-- EXERCISE AIM --
Whenever "unfolding" occurs in a line of the material, list that line.

______________________________

text \<open>Write a solution as x(t) = e^(At) x(0) + G(A,t) b + int_0^t u + e(t). The input integral
  equals t v for some v in U, because the mean of a U-valued input lies in the closed convex set U;
  and e(s) = int_0^s A (e + int u), so Gronwall's inequality bounds |e(t)| by
  (max |U| / |A|) (e^(t|A|) - 1 - t|A|). At an intermediate time t = theta tau, the power series of
  e^(At) x(0) and G(A,t) b differ from their theta-interpolations between the times 0 and tau only in
  the terms of order at least 2, which are bounded by theta times alpha and gamma. Together with
  convexity of s |-> e^s - 1 - s this puts x(t) on a segment from x(0) to a point of
  Y(tau) + B(alpha + gamma).\<close>

section \<open>Exponential series\<close>

definition exp_bounded :: "(nat \<Rightarrow> 'a::real_normed_vector) \<Rightarrow> bool" where
  "exp_bounded a \<longleftrightarrow> (\<exists>C R. \<forall>k. norm (a k) \<le> C * R ^ k)"

definition exp_series :: "(nat \<Rightarrow> 'a::real_normed_vector) \<Rightarrow> real \<Rightarrow> 'a" where
  "exp_series a s = (\<Sum>k. (s ^ k / fact k) *\<^sub>R a k)"

lemma exp_boundedE:
  assumes "exp_bounded a"
  obtains C R where "\<And>k. norm (a k) \<le> C * R ^ k" "R \<ge> 1"
proof -
  obtain C R where CR: "\<And>k. norm (a k) \<le> C * R ^ k"
    using assms unfolding exp_bounded_def by blast
  have "norm (a k) \<le> \<bar>C\<bar> * max 1 \<bar>R\<bar> ^ k" for k
  proof -
    have "norm (a k) \<le> \<bar>C * R ^ k\<bar>" using CR[of k] by linarith
    also have "\<dots> \<le> \<bar>C\<bar> * max 1 \<bar>R\<bar> ^ k"
      by (auto simp: abs_mult power_abs intro!: mult_left_mono power_mono)
    finally show ?thesis .
  qed
  then show thesis by (rule that) auto
qed

lemma exp_boundedI: "(\<And>k. norm (a k) \<le> C * R ^ k) \<Longrightarrow> exp_bounded a"
  unfolding exp_bounded_def by blast

lemma exp_bounded_bounded_linear:
  assumes "bounded_linear f" "exp_bounded a"
  shows "exp_bounded (\<lambda>k. f (a k))"
proof -
  obtain K where K: "\<And>x. norm (f x) \<le> norm x * K" "K > 0"
    using bounded_linear.pos_bounded[OF assms(1)] by blast
  obtain C R where CR: "\<And>k. norm (a k) \<le> C * R ^ k"
    using assms(2) unfolding exp_bounded_def by blast
  have "norm (f (a k)) \<le> (K * C) * R ^ k" for k
  proof -
    have "norm (f (a k)) \<le> norm (a k) * K" by (rule K(1))
    also have "\<dots> \<le> (C * R ^ k) * K" using CR[of k] K(2) by (simp add: mult_right_mono)
    finally show ?thesis by (simp add: mult_ac)
  qed
  then show ?thesis by (rule exp_boundedI)
qed

lemma exp_bounded_Suc:
  assumes "exp_bounded a"
  shows "exp_bounded (\<lambda>k. a (Suc k))"
proof -
  obtain C R where "\<And>k. norm (a k) \<le> C * R ^ k" "R \<ge> 1"
    using assms by (rule exp_boundedE) auto
  then have "norm (a (Suc k)) \<le> (C * R) * R ^ k" for k by (metis mult.assoc power_Suc)
  then show ?thesis by (rule exp_boundedI)
qed

lemma exp_bounded_case_nat:
  assumes "exp_bounded a"
  shows "exp_bounded (\<lambda>k. case k of 0 \<Rightarrow> 0 | Suc j \<Rightarrow> a j)"
proof -
  obtain C R where CR: "\<And>k. norm (a k) \<le> C * R ^ k" and R: "R \<ge> 1"
    using assms by (rule exp_boundedE) auto
  have C: "C \<ge> 0" using order_trans[OF norm_ge_zero CR[of 0]] by simp
  have "norm (case k of 0 \<Rightarrow> 0 | Suc j \<Rightarrow> a j) \<le> C * R ^ k" for k
  proof (cases k)
    case (Suc j)
    have "norm (a j) \<le> C * R ^ j" by (rule CR)
    also have "\<dots> \<le> C * R ^ k"
      using Suc R C by (intro mult_left_mono power_increasing) auto
    finally show ?thesis using Suc by simp
  qed (use C R in simp)
  then show ?thesis by (rule exp_boundedI)
qed

lemma summable_exp_series:
  fixes a :: "nat \<Rightarrow> 'a::banach"
  assumes "exp_bounded a"
  shows "summable (\<lambda>k. (s ^ k / fact k) *\<^sub>R a k)"
proof -
  obtain C R where CR: "\<And>k. norm (a k) \<le> C * R ^ k" and R: "R \<ge> 1"
    using assms by (rule exp_boundedE) auto
  show ?thesis
  proof (rule summable_comparison_test)
    show "summable (\<lambda>k. C * ((\<bar>s\<bar> * R) ^ k / fact k))"
      using summable_exp_generic[of "\<bar>s\<bar> * R"]
      by (intro summable_mult) (simp add: divide_inverse mult.commute)
    have "norm ((s ^ k / fact k) *\<^sub>R a k) \<le> C * ((\<bar>s\<bar> * R) ^ k / fact k)" for k
    proof -
      have "norm ((s ^ k / fact k) *\<^sub>R a k) = \<bar>s\<bar> ^ k / fact k * norm (a k)"
        by (simp add: power_abs)
      also have "\<dots> \<le> \<bar>s\<bar> ^ k / fact k * (C * R ^ k)"
        using CR by (intro mult_left_mono) auto
      finally show ?thesis by (simp add: power_mult_distrib mult_ac)
    qed
    then show "\<exists>N. \<forall>k\<ge>N. norm ((s ^ k / fact k) *\<^sub>R a k) \<le> C * ((\<bar>s\<bar> * R) ^ k / fact k)"
      by blast
  qed
qed

lemma exp_series_sums:
  fixes a :: "nat \<Rightarrow> 'a::banach"
  shows "exp_bounded a \<Longrightarrow> (\<lambda>k. (s ^ k / fact k) *\<^sub>R a k) sums exp_series a s"
  unfolding exp_series_def by (rule summable_sums[OF summable_exp_series])

lemma exp_series_bounded_linear:
  fixes a :: "nat \<Rightarrow> 'a::banach"
  assumes "bounded_linear f" "exp_bounded a"
  shows "f (exp_series a s) = exp_series (\<lambda>k. f (a k)) s"
proof -
  have "(\<lambda>k. f ((s ^ k / fact k) *\<^sub>R a k)) sums f (exp_series a s)"
    by (rule bounded_linear.sums[OF assms(1) exp_series_sums[OF assms(2)]])
  then show ?thesis
    unfolding exp_series_def
    by (simp add: sums_iff linear_scale[OF bounded_linear.linear[OF assms(1)]])
qed

lemma exp_series_zero: "exp_series a 0 = a 0"
proof -
  have "(\<lambda>k. ((0::real) ^ k / fact k) *\<^sub>R a k) = (\<lambda>k. if k = 0 then a 0 else 0)"
    by (auto simp: fun_eq_iff)
  then show ?thesis
    unfolding exp_series_def using sums_single[of 0 "\<lambda>_. a 0"] by (simp add: sums_iff)
qed

lemma exp_series_eq_if_Suc_eq:
  fixes a a' :: "nat \<Rightarrow> 'a::banach"
  assumes "exp_bounded a" "exp_bounded a'" "\<And>k. a (Suc k) = a' (Suc k)"
  shows "exp_series a s - a 0 = exp_series a' s - a' 0"
proof -
  have "(\<lambda>k. (s ^ Suc k / fact (Suc k)) *\<^sub>R a (Suc k)) sums (exp_series a s - a 0)"
    using exp_series_sums[OF assms(1), of s] sums_Suc_iff[of "\<lambda>k. (s ^ k / fact k) *\<^sub>R a k"]
    by simp
  moreover have "(\<lambda>k. (s ^ Suc k / fact (Suc k)) *\<^sub>R a (Suc k)) sums (exp_series a' s - a' 0)"
    using exp_series_sums[OF assms(2), of s] sums_Suc_iff[of "\<lambda>k. (s ^ k / fact k) *\<^sub>R a' k"]
    by (simp add: assms(3))
  ultimately show ?thesis by (rule sums_unique2)
qed

lemma exp_series_real_has_field_derivative:
  fixes a :: "nat \<Rightarrow> real"
  assumes "exp_bounded a"
  shows "(exp_series a has_field_derivative exp_series (\<lambda>k. a (Suc k)) s) (at s)"
proof -
  define c where "c k = a k / fact k" for k
  have series: "exp_series a' r = (\<Sum>k. c' k * r ^ k)" if "\<And>k. c' k = a' k / fact k"
    for a' c' and r :: real
    unfolding exp_series_def that by (simp add: field_simps)
  have "diffs c k = a (Suc k) / fact k" for k
    by (simp add: diffs_def c_def field_simps del: of_nat_Suc)
  then have "exp_series (\<lambda>k. a (Suc k)) s = (\<Sum>k. diffs c k * s ^ k)"
    by (intro series) simp
  moreover have "summable (\<lambda>k. c k * r ^ k)" for r
    using summable_exp_series[OF assms, of r] by (simp add: c_def field_simps)
  moreover have "exp_series a = (\<lambda>r. \<Sum>k. c k * r ^ k)"
    by (intro ext series) (simp add: c_def)
  ultimately show ?thesis by (simp add: termdiffs_strong_converges_everywhere)
qed

lemma exp_series_has_vector_derivative:
  fixes a :: "nat \<Rightarrow> 'a::euclidean_space"
  assumes "exp_bounded a"
  shows "(exp_series a has_vector_derivative exp_series (\<lambda>k. a (Suc k)) s) (at s)"
  unfolding has_vector_derivative_def
proof (subst has_derivative_componentwise_within, intro ballI)
  fix i :: 'a assume "i \<in> Basis"
  have component: "exp_series a' r \<bullet> i = exp_series (\<lambda>k. a' k \<bullet> i) r" if "exp_bounded a'" for a' r
    using exp_series_bounded_linear[OF bounded_linear_inner_left that] .
  have "exp_bounded (\<lambda>k. a k \<bullet> i)"
    by (rule exp_bounded_bounded_linear[OF bounded_linear_inner_left assms])
  from exp_series_real_has_field_derivative[OF this, of s]
  show "((\<lambda>r. exp_series a r \<bullet> i) has_derivative
        (\<lambda>h. (h *\<^sub>R exp_series (\<lambda>k. a (Suc k)) s) \<bullet> i)) (at s within UNIV)"
    by (simp add: component[OF assms] component[OF exp_bounded_Suc[OF assms]]
        has_field_derivative_def mult_commute_abs)
qed

definition exp_remainder :: "real \<Rightarrow> real" where
  "exp_remainder x = exp x - 1 - x"

lemma exp_remainder_nonneg: "0 \<le> exp_remainder x"
  using exp_ge_add_one_self[of x] by (simp add: exp_remainder_def algebra_simps)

______________________________

-- TASK OUTPUT --
    using assms unfolding exp_bounded_def by blast
  unfolding exp_bounded_def by blast
    using assms(2) unfolding exp_bounded_def by blast
  unfolding exp_series_def by (rule summable_sums[OF summable_exp_series])
    unfolding exp_series_def
    unfolding exp_series_def using sums_single[of 0 "\<lambda>_. a 0"] by (simp add: sums_iff)
    unfolding exp_series_def that by (simp add: field_simps)
  unfolding has_vector_derivative_def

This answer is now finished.